This analysis based upon primary sources does not, however, seem to have captured the popular or artistic imagination. Where it is possible to identify a source for the varied nineteenth-century interpretations of the crusades in music, art, and literature it is more likely to be the story of the First Crusade as told by Torquato Tasso and glimpses of crusades and crusaders in the novels of Sir Walter Scott than the history of Michaud or the first-hand accounts of a Fulcher of Chartres, John of Joinville, or Geoffrey of Villehardouin.
Tasso’s Gerusalemme Liberata, published in 1581, tells the story of the First Crusade, inter-woven with three sub-plots involving thwarted love and with new characters such as the Christian knight Rinaldo and the enchantress Armida to enliven the basic plot. This combination of elements attracted composers and artists and the use of Tasso as a source can be traced from the early seventeenth century. An example of a nineteenth- century Tasso opera is Armide by Rossini, first performed in 1817, while Brahms composed a dramatic cantata entitled Rinaldo. There are also numerous nineteenth-century paintings on this theme, not least a Tasso room by the Austrian artist J. Führich at the Cassino Massimo in Rome. Scott, Wordsworth, Southey, and De Quincey read Gerusalemme in translation and, in The Broad Stone of Honour, Digby quotes it in the same breath as primary sources for the First Crusade.
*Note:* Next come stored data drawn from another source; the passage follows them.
(* Let $\{p,q\}\subset[1,\infty]$ with $q<p$, and let $(\mathcal B_n)_{n\in\mathbb N_0}$ be $\sigma$-subfields with $D(\mathcal B_n,\mathcal B_0)\to0$. Then $\|\mathbb P_{\mathcal B_n}-\mathbb P_{\mathcal B_0}\|_{L^p\to L^q}\to0$. Consequently, for $q<p$, operator-norm convergence $L^p\to L^q$ is equivalent to convergence in the Hausdorff distance $D$.
   Context: Let $(\Omega,\mathcal F,\mathbb P)$ be a (not necessarily complete) probability space and $\mathcal N:=\{F\in\mathcal F:\mathbb P(F)=0\}$. A $\sigma$-subfield is a sub-$\sigma$-field $\mathcal A\subset\mathcal F$ with $\mathcal A=\sigma(\mathcal A\cup\mathcal N)$. For a $\sigma$-subfield $\mathcal A$, $\mathbb P_{\mathcal A}f:=\mathbb E^{\mathbb P}[f\mid\mathcal A]$, viewed as a bounded linear operator from the real normed space $L^p(\mathbb P)$ to $L^q(\mathbb P)$; $\|\cdot\|_{L^p\to L^q}$ is the operator norm. For $\sigma$-subfields $\mathcal A,\mathcal B$, $\rho(\mathcal A,\mathcal B):=\sup_{A\in\mathcal A}\inf_{B\in\mathcal B}\mathbb P(A\triangle B)$ and $D(\mathcal A,\mathcal B):=\rho(\mathcal A,\mathcal B)+\rho(\mathcal B,\mathcal A)$. *)

theory Defs
  imports "HOL-Probability.Probability"
begin

definition sigma_subfield :: "'a measure \<Rightarrow> 'a set set \<Rightarrow> bool" where
  "sigma_subfield M A \<longleftrightarrow> A \<subseteq> sets M \<and> A = sigma_sets (space M) (A \<union> null_sets M)"

definition cond_exp :: "'a measure \<Rightarrow> 'a set set \<Rightarrow> ('a \<Rightarrow> real) \<Rightarrow> ('a \<Rightarrow> real)" where
  "cond_exp M A f = real_cond_exp M (sigma (space M) A) f"

definition lp_norm :: "'a measure \<Rightarrow> ennreal \<Rightarrow> ('a \<Rightarrow> real) \<Rightarrow> ennreal" where
  "lp_norm M p f =
     (if p = \<infinity> then esssup M (\<lambda>x. ennreal \<bar>f x\<bar>)
      else (let I = (\<integral>\<^sup>+ x. ennreal (\<bar>f x\<bar> powr enn2real p) \<partial>M)
            in if I = \<infinity> then \<infinity> else ennreal (enn2real I powr (1 / enn2real p))))"

definition cond_exp_diff_opnorm ::
  "'a measure \<Rightarrow> ennreal \<Rightarrow> ennreal \<Rightarrow> 'a set set \<Rightarrow> 'a set set \<Rightarrow> ennreal" where
  "cond_exp_diff_opnorm M p q A B =
     (SUP f \<in> {f \<in> borel_measurable M. lp_norm M p f \<le> 1}.
        lp_norm M q (\<lambda>x. cond_exp M A f x - cond_exp M B f x))"

definition rho :: "'a measure \<Rightarrow> 'a set set \<Rightarrow> 'a set set \<Rightarrow> ennreal" where
  "rho M A B = (SUP X \<in> A. INF Y \<in> B. emeasure M ((X - Y) \<union> (Y - X)))"

definition hausdorff_D :: "'a measure \<Rightarrow> 'a set set \<Rightarrow> 'a set set \<Rightarrow> ennreal" where
  "hausdorff_D M A B = rho M A B + rho M B A"

end

theory Submission
  imports Defs
begin

(*
  If every set of A is delta-close in measure to a set of B, then every A-measurable function g with
  values in [-1, 1] is within 3 delta in L1 of a B-measurable one: round g to the grid (1/N)Z and
  replace each of its level sets by a close set of B.  Hence, for |f| <= 1, P_A f and P_B f are
  O(delta)-close in L1: P_A f - P_B (P_A f) is at most twice the distance of P_A f to the
  B-measurable functions, and P_B (f - P_A f) is bounded by duality, since I - P_A is self-adjoint
  and the test function sgn (P_B (f - P_A f)) is itself 6 delta-close to its A-conditional
  expectation.  For bounded f the L1 bound interpolates to L^q, and since q < p, truncating a
  function of the unit ball of L^p at height K costs only K^(q - p) in L^q.
  Conversely, for X in A the set {P_B 1_X >= 1/2} lies in B and differs from X only where
  |P_A 1_X - P_B 1_X| >= 1/2, so by Markov's inequality rho(A, B) <= (2 ||P_A - P_B||)^q.
*)

lemma convex_on_nonneg_powr:
  fixes a b t r :: real
  assumes "r \<ge> 1" "a \<ge> 0" "b \<ge> 0" "0 \<le> t" "t \<le> 1"
  shows "((1 - t) * a + t * b) powr r \<le> (1 - t) * a powr r + t * b powr r"
proof -
  have scale: "(v * c) powr r \<le> v * c powr r" if "0 \<le> v" "v \<le> 1" "c \<ge> 0" for v c :: real
  proof -
    have "(v * c) powr r = v powr r * c powr r" using that by (simp add: powr_mult)
    also have "\<dots> \<le> v powr 1 * c powr r" using that assms(1) by (intro mult_right_mono powr_mono') auto
    finally show ?thesis using that by simp
  qed
  consider "a > 0" "b > 0" | "a = 0" | "b = 0" using assms by linarith
  then show ?thesis
  proof cases
    case 1
    then show ?thesis using convex_onD[OF powr_convex[OF assms(1)], of t a b] assms by simp
  next
    case 2
    then show ?thesis using scale[of t b] assms by simp
  next
    case 3
    then show ?thesis using scale[of "1 - t" a] assms by simp
  qed
qed

lemma convex_on_abs_powr:
  assumes "r \<ge> 1"
  shows "convex_on UNIV (\<lambda>x::real. \<bar>x\<bar> powr r)"
proof (rule convex_onI)
  fix t x y :: real assume t: "0 < t" "t < 1"
  have "\<bar>(1 - t) *\<^sub>R x + t *\<^sub>R y\<bar> powr r \<le> ((1 - t) * \<bar>x\<bar> + t * \<bar>y\<bar>) powr r"
    using t assms by (intro powr_mono2) (auto simp: abs_mult intro: order.trans[OF abs_triangle_ineq])
  also have "\<dots> \<le> (1 - t) * \<bar>x\<bar> powr r + t * \<bar>y\<bar> powr r"
    using t assms by (intro convex_on_nonneg_powr) auto
  finally show "\<bar>(1 - t) *\<^sub>R x + t *\<^sub>R y\<bar> powr r \<le> (1 - t) * \<bar>x\<bar> powr r + t * \<bar>y\<bar> powr r" .
qed simp

lemma powr_le_powr_minus_one_mult:
  fixes t c r :: real
  assumes "0 \<le> t" "t \<le> c" "1 \<le> r"
  shows "t powr r \<le> c powr (r - 1) * t"
proof -
  have "t powr r = t powr (r - 1) * t"
    using powr_add[of t "r - 1" 1] assms(1) by simp
  also have "\<dots> \<le> c powr (r - 1) * t" using assms by (simp add: mult_right_mono powr_mono2)
  finally show ?thesis .
qed

lemma exists_powr_less:
  fixes a c :: real
  assumes "a < 0" "0 < c"
  obtains K where "0 < K" "K powr a < c"
proof -
  have "((\<lambda>K. K powr a) \<longlongrightarrow> 0) at_top"
    using assms(1) by (intro tendsto_neg_powr filterlim_ident)
  then have "\<forall>\<^sub>F K in at_top. K powr a < c" using assms(2) by (rule order_tendstoD(2))
  then show ?thesis
    using that eventually_happens'[OF _ eventually_conj[OF eventually_gt_at_top[of 0]]] by force
qed

lemma powr_inverse_le_iff:
  fixes x c r :: real
  assumes "0 \<le> x" "0 \<le> c" "0 < r"
  shows "x powr (1 / r) \<le> c \<longleftrightarrow> x \<le> c powr r"
proof
  assume "x powr (1 / r) \<le> c"
  then have "(x powr (1 / r)) powr r \<le> c powr r" using assms by (intro powr_mono2) auto
  then show "x \<le> c powr r" using assms by (simp add: powr_powr)
next
  assume "x \<le> c powr r"
  then have "x powr (1 / r) \<le> (c powr r) powr (1 / r)" using assms by (intro powr_mono2) auto
  then show "x powr (1 / r) \<le> c" using assms by (simp add: powr_powr)
qed

lemma powr_abs_sum3_le:
  fixes a b c r :: real
  assumes "0 \<le> r"
  shows "\<bar>a + b + c\<bar> powr r \<le> 3 powr r * (\<bar>a\<bar> powr r + \<bar>b\<bar> powr r + \<bar>c\<bar> powr r)"
proof -
  define m where "m = max \<bar>a\<bar> (max \<bar>b\<bar> \<bar>c\<bar>)"
  have "\<bar>a + b + c\<bar> powr r \<le> (3 * m) powr r"
    unfolding m_def using assms by (intro powr_mono2) auto
  also have "\<dots> = 3 powr r * m powr r" unfolding m_def by (simp add: powr_mult)
  also have "m powr r \<le> \<bar>a\<bar> powr r + \<bar>b\<bar> powr r + \<bar>c\<bar> powr r"
    unfolding m_def by (auto simp: max_def)
  finally show ?thesis by simp
qed

lemma rounding_error_le_powr:
  fixes b r :: real
  assumes "0 < r"
  shows "of_bool (P \<noteq> (1/2 \<le> b)) \<le> (2 * \<bar>of_bool P - b\<bar>) powr r"
proof (cases "P \<longleftrightarrow> 1/2 \<le> b")
  case False
  then have "1 \<le> 2 * \<bar>of_bool P - b\<bar>" by (cases P) auto
  then show ?thesis using False assms by (simp add: ge_one_powr_ge_zero)
qed simp

section \<open>Quantisation along level sets\<close>

text \<open>For the level sets L i = {g \<ge> -1 + i/N} of a function g with values in [-1, 1],
  staircase N L rounds g down to the grid (1/N)\<int>.\<close>
definition staircase :: "nat \<Rightarrow> (nat \<Rightarrow> 'a set) \<Rightarrow> 'a \<Rightarrow> real" where
  "staircase N L x = -1 + (\<Sum>i\<in>{1..2*N}. indicator (L i) x) / real N"

lemma staircase_approximation:
  fixes x :: real and N :: nat
  assumes "N > 0" and "\<bar>x\<bar> \<le> 1"
  shows "\<bar>x - staircase N (\<lambda>i. {y. -1 + real i / real N \<le> y}) x\<bar> \<le> 1 / real N"
proof -
  define m where "m = nat \<lfloor>real N * (x + 1)\<rfloor>"
  have N: "real N > 0" using assms by simp
  have nonneg: "0 \<le> real N * (x + 1)" using assms N by simp
  have m_le: "real m \<le> real N * (x + 1)" and m_gt: "real N * (x + 1) < real m + 1"
    unfolding m_def using nonneg by linarith+
  have "real N * (x + 1) \<le> real (2 * N)" using assms N by simp
  then have "m \<le> 2 * N" using m_le by linarith
  have level_iff: "-1 + real i / real N \<le> x \<longleftrightarrow> i \<le> m" for i
  proof -
    have "-1 + real i / real N \<le> x \<longleftrightarrow> real i \<le> real N * (x + 1)"
      using N by (simp add: field_simps)
    also have "\<dots> \<longleftrightarrow> i \<le> m"
      unfolding m_def using nonneg by (simp add: le_nat_iff le_floor_iff)
    finally show ?thesis .
  qed
  have "(\<Sum>i\<in>{1..2*N}. indicator {y. -1 + real i / real N \<le> y} x :: real)
      = (\<Sum>i\<in>{1..2*N}. of_bool (i \<le> m))"
    unfolding indicator_def mem_Collect_eq level_iff ..
  also have "\<dots> = card ({1..2*N} \<inter> {i. i \<le> m})" by simp
  also have "{1..2*N} \<inter> {i. i \<le> m} = {1..m}" using \<open>m \<le> 2 * N\<close> by auto
  finally have "staircase N (\<lambda>i. {y. -1 + real i / real N \<le> y}) x = -1 + real m / real N"
    by (simp add: staircase_def)
  moreover have "x - (-1 + real m / real N) = (real N * (x + 1) - real m) / real N"
    using N by (simp add: field_simps)
  moreover have "0 \<le> (real N * (x + 1) - real m) / real N"
    using m_le N by simp
  moreover have "(real N * (x + 1) - real m) / real N \<le> 1 / real N"
    using m_gt N by (simp add: divide_right_mono)
  ultimately show ?thesis by simp
qed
The nineteenth-century English translations of Tasso included one by the librarian at Woburn Abbey, J. H. Wiffen. In his Introduction he referred to the recently published History of the Crusades by Charles Mills (1820), but noted: ‘Mr. Mills has . . . portrayed in real colours the nature of these singular expeditions; but who would not willingly continue the illusion which, whether derived from the songs of early minstrels, or the charming tale of Tasso, invests the character of the crusader with I know not what of devotion, generosity and love.’ Not all of Tasso’s admirers, however, saw the crusades through the same rose-coloured spectacles. One reviewer declared: ‘The grand objection to Tasso’s poem is the false view which it gives of the achievements which it celebrates . . . we must forget that the crimes and cruelties of the croisés as well as their fanaticism sank them below the Moslems and we must strive to believe that the delivery of Jerusalem was an object worthy of the interposition of the highest intelligence.’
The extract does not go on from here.